**Directions for this task**: Copy nothing from the entries below except the lines from the one containing "and lam \<alpha> :: complex" through the one containing "then obtain f'", and copy those exactly.

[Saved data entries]
-*-
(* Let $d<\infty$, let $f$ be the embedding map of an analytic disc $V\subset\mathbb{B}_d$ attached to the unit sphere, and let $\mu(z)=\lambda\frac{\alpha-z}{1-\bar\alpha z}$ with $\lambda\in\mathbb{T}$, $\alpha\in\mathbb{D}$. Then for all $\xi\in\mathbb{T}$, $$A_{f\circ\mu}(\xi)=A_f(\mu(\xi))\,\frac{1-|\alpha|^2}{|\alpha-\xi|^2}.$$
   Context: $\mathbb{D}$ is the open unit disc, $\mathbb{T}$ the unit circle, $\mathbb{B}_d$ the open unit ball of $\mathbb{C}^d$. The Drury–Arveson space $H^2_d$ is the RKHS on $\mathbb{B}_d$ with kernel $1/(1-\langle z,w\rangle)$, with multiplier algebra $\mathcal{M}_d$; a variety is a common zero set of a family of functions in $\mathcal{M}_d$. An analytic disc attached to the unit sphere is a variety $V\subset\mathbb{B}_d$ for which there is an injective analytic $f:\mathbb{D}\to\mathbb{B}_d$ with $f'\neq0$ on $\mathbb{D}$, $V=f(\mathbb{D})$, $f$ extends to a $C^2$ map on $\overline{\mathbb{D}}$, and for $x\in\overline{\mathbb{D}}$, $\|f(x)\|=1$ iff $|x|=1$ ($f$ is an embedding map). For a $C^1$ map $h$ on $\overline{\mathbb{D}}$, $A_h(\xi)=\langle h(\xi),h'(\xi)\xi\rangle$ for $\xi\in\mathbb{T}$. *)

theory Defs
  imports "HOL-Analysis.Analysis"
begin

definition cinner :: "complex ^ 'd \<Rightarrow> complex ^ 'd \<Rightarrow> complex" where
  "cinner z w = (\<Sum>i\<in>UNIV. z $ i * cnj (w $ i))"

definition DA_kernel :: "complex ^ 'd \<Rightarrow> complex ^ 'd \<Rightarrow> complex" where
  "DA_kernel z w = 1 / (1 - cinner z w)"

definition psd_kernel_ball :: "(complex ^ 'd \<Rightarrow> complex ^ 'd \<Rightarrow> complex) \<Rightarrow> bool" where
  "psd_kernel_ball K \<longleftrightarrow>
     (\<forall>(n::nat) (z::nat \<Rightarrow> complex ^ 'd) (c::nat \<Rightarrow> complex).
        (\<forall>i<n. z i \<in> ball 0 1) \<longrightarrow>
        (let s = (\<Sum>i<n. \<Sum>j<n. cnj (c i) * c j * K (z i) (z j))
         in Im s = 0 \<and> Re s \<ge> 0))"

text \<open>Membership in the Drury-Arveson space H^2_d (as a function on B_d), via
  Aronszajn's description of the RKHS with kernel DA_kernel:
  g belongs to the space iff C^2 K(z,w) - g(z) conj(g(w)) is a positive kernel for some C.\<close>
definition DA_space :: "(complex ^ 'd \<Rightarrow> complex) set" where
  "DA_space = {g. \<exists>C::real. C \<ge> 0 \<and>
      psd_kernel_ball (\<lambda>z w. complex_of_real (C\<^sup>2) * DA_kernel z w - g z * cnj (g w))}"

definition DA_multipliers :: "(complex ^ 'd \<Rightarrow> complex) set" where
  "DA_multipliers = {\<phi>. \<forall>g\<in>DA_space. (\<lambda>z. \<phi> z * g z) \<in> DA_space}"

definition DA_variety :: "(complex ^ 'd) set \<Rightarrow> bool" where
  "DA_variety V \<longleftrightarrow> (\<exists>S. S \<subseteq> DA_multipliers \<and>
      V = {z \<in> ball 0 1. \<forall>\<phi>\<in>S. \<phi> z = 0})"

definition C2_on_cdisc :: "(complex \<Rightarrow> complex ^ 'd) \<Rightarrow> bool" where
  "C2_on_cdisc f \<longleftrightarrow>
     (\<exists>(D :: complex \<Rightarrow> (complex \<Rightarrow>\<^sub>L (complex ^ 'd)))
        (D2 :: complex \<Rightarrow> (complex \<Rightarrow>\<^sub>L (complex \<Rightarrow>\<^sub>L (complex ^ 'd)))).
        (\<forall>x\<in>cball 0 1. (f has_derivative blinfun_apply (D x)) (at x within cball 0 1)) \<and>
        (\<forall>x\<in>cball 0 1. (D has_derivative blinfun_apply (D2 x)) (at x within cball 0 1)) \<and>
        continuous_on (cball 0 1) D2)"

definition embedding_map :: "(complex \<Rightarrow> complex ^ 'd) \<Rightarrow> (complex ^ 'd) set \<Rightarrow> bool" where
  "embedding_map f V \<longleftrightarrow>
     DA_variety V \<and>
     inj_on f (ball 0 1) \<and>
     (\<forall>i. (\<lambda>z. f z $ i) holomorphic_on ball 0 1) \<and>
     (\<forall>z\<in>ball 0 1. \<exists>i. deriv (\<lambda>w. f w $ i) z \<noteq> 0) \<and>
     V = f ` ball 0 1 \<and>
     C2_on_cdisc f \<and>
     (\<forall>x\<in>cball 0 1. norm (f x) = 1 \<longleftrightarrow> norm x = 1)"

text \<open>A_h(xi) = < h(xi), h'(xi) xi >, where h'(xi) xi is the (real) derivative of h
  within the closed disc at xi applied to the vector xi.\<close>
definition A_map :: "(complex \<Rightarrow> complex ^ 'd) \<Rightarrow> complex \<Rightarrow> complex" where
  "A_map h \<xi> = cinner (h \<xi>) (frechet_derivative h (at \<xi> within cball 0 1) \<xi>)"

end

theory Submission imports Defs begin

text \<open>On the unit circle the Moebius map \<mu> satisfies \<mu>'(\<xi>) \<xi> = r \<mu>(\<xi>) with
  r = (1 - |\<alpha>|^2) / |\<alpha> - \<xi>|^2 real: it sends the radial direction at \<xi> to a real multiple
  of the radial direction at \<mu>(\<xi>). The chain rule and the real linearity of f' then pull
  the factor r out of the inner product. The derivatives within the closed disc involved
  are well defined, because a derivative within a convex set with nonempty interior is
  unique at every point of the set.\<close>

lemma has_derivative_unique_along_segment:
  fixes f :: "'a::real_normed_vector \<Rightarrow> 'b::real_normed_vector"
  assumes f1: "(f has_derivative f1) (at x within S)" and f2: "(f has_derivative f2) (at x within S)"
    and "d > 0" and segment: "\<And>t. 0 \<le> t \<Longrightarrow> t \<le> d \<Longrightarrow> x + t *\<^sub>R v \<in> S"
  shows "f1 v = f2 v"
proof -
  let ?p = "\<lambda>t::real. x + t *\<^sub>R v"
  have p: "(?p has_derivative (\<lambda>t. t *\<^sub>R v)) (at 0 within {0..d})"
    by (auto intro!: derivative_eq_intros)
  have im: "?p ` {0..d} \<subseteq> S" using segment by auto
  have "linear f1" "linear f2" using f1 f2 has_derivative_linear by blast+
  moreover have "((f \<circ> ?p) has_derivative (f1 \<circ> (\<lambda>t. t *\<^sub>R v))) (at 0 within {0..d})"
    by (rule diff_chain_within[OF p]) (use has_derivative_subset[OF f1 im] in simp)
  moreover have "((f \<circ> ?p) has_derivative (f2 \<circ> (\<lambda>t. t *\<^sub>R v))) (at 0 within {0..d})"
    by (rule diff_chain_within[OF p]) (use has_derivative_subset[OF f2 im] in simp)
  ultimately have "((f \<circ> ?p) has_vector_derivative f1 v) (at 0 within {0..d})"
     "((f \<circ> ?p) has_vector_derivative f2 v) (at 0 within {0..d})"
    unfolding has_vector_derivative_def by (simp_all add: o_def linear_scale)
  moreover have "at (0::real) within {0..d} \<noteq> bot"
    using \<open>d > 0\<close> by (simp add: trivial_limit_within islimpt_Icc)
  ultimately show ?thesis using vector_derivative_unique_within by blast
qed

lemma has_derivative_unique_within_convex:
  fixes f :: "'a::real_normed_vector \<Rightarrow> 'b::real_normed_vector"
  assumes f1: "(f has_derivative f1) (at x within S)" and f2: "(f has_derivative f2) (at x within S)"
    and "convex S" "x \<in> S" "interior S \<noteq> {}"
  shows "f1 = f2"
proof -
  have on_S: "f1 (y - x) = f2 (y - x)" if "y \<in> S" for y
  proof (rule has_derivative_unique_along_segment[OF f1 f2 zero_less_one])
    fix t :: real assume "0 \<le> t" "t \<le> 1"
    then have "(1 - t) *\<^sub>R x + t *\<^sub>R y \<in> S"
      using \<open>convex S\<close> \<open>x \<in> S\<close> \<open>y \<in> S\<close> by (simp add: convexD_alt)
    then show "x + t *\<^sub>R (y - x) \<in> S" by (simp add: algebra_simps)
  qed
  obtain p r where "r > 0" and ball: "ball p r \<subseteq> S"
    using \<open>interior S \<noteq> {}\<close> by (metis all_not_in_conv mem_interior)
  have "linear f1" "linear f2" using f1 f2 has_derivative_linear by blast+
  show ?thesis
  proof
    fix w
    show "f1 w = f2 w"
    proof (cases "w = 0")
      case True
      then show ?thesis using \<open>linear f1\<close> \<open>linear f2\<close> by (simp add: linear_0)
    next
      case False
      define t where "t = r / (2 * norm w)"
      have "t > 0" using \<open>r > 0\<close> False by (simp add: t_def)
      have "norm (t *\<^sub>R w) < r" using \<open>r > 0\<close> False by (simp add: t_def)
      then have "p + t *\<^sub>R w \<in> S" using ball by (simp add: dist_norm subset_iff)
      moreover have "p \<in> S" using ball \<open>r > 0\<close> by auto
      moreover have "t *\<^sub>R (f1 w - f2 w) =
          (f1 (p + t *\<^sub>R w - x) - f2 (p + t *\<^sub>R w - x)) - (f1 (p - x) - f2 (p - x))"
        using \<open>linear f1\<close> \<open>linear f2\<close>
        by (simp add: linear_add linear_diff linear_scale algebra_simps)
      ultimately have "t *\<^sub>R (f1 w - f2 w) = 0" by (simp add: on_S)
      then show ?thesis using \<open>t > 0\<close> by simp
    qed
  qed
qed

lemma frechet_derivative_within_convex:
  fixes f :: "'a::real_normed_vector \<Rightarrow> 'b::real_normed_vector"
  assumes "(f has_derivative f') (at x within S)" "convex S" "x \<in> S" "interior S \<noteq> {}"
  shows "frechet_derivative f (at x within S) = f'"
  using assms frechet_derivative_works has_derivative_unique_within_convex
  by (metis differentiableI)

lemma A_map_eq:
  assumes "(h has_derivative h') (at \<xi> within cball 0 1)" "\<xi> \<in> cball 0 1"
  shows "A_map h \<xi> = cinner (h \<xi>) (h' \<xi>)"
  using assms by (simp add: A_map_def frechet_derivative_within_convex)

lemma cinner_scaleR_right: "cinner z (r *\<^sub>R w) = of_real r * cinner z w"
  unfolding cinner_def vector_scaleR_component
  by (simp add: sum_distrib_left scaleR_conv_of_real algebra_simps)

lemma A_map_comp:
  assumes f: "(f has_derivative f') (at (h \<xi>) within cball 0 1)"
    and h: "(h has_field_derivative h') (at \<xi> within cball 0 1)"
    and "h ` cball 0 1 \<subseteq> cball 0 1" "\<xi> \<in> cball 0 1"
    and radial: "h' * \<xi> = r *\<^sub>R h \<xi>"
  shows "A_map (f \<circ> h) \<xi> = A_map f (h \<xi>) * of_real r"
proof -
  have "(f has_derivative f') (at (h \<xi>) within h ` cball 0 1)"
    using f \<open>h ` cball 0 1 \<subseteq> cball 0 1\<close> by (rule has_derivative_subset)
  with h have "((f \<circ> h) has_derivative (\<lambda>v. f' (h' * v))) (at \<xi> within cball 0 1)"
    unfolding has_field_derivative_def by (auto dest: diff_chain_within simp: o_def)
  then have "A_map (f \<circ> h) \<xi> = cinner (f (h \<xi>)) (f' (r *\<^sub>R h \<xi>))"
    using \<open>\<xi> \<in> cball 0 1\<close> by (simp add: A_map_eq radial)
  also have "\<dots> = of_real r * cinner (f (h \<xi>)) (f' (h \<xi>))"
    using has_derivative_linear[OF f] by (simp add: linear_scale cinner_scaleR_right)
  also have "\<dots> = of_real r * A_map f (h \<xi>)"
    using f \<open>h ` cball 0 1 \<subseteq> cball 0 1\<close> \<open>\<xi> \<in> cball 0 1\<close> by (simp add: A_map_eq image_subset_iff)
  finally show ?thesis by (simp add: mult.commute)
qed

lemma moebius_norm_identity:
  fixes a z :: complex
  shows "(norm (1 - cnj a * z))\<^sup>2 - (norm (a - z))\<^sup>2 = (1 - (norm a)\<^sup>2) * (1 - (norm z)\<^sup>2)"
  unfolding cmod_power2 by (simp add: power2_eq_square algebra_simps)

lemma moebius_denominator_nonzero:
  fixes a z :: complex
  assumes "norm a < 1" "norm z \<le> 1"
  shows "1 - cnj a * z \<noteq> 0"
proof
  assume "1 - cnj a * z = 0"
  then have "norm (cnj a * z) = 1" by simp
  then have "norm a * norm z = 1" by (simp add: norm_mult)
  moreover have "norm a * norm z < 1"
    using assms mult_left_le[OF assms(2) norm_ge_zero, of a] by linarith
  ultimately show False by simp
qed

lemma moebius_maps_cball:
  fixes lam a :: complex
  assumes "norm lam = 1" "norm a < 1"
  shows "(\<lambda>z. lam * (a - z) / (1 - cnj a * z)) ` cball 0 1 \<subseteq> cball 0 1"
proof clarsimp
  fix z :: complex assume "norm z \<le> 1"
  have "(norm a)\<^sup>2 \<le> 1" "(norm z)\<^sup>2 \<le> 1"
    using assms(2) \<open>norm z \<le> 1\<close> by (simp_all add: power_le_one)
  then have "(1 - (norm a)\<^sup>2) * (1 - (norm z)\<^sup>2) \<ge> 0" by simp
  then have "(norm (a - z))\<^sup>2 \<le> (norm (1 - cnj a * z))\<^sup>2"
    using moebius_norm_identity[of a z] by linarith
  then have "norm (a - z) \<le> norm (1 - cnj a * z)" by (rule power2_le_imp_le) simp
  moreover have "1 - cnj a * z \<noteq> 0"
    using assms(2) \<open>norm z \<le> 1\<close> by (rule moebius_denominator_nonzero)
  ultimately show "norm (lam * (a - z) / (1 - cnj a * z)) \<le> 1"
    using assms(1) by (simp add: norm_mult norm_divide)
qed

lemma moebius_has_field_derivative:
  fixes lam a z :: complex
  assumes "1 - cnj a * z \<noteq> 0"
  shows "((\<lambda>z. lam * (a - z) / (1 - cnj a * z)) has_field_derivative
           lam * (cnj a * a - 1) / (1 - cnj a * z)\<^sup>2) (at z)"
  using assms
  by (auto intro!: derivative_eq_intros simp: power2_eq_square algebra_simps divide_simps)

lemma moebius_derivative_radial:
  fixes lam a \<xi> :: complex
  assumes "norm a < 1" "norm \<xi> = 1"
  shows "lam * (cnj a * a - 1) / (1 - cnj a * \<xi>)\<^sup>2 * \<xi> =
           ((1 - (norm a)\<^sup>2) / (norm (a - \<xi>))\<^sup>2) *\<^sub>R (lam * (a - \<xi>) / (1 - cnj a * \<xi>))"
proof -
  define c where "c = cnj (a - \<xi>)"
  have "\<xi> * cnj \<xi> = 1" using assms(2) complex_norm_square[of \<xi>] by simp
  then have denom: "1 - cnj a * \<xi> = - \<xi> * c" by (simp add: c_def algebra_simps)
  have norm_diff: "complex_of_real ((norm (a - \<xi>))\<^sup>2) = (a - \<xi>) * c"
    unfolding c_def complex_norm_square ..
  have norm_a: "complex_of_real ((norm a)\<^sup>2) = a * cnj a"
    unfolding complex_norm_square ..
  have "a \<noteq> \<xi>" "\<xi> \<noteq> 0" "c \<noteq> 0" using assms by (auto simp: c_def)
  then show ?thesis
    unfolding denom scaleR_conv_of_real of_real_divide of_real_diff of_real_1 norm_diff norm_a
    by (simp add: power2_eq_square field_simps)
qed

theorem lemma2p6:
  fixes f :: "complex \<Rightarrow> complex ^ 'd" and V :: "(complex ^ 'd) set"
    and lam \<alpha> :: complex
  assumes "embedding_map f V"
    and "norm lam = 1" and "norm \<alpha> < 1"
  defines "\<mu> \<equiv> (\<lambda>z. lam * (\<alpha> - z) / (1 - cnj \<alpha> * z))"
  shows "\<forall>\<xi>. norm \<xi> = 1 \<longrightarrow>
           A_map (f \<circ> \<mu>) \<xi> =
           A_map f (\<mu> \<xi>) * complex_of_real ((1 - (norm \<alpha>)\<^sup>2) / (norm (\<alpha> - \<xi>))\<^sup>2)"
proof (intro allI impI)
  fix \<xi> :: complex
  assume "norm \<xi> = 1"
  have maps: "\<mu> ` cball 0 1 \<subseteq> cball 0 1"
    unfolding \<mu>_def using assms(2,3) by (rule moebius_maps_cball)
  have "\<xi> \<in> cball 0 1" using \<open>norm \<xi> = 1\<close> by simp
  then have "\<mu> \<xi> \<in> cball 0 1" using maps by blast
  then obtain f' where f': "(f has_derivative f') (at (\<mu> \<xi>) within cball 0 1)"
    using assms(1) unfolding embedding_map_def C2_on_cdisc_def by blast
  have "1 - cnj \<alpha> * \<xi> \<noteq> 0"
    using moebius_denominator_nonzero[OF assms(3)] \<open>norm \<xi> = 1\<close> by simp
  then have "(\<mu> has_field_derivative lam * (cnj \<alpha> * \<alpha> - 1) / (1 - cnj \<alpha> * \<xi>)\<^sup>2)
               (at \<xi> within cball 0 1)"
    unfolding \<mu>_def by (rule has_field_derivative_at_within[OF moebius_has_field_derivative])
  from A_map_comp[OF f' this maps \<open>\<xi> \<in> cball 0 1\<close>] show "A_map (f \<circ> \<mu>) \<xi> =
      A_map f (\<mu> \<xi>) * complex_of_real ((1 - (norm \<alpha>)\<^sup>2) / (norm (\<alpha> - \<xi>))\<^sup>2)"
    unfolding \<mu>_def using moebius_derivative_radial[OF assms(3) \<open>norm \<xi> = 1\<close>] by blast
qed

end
-*-
**Exercise response**:
    and lam \<alpha> :: complex
  assumes "embedding_map f V"
    and "norm lam = 1" and "norm \<alpha> < 1"
  defines "\<mu> \<equiv> (\<lambda>z. lam * (\<alpha> - z) / (1 - cnj \<alpha> * z))"
  shows "\<forall>\<xi>. norm \<xi> = 1 \<longrightarrow>
           A_map (f \<circ> \<mu>) \<xi> =
           A_map f (\<mu> \<xi>) * complex_of_real ((1 - (norm \<alpha>)\<^sup>2) / (norm (\<alpha> - \<xi>))\<^sup>2)"
proof (intro allI impI)
  fix \<xi> :: complex
  assume "norm \<xi> = 1"
  have maps: "\<mu> ` cball 0 1 \<subseteq> cball 0 1"
    unfolding \<mu>_def using assms(2,3) by (rule moebius_maps_cball)
  have "\<xi> \<in> cball 0 1" using \<open>norm \<xi> = 1\<close> by simp
  then have "\<mu> \<xi> \<in> cball 0 1" using maps by blast
  then obtain f' where f': "(f has_derivative f') (at (\<mu> \<xi>) within cball 0 1)"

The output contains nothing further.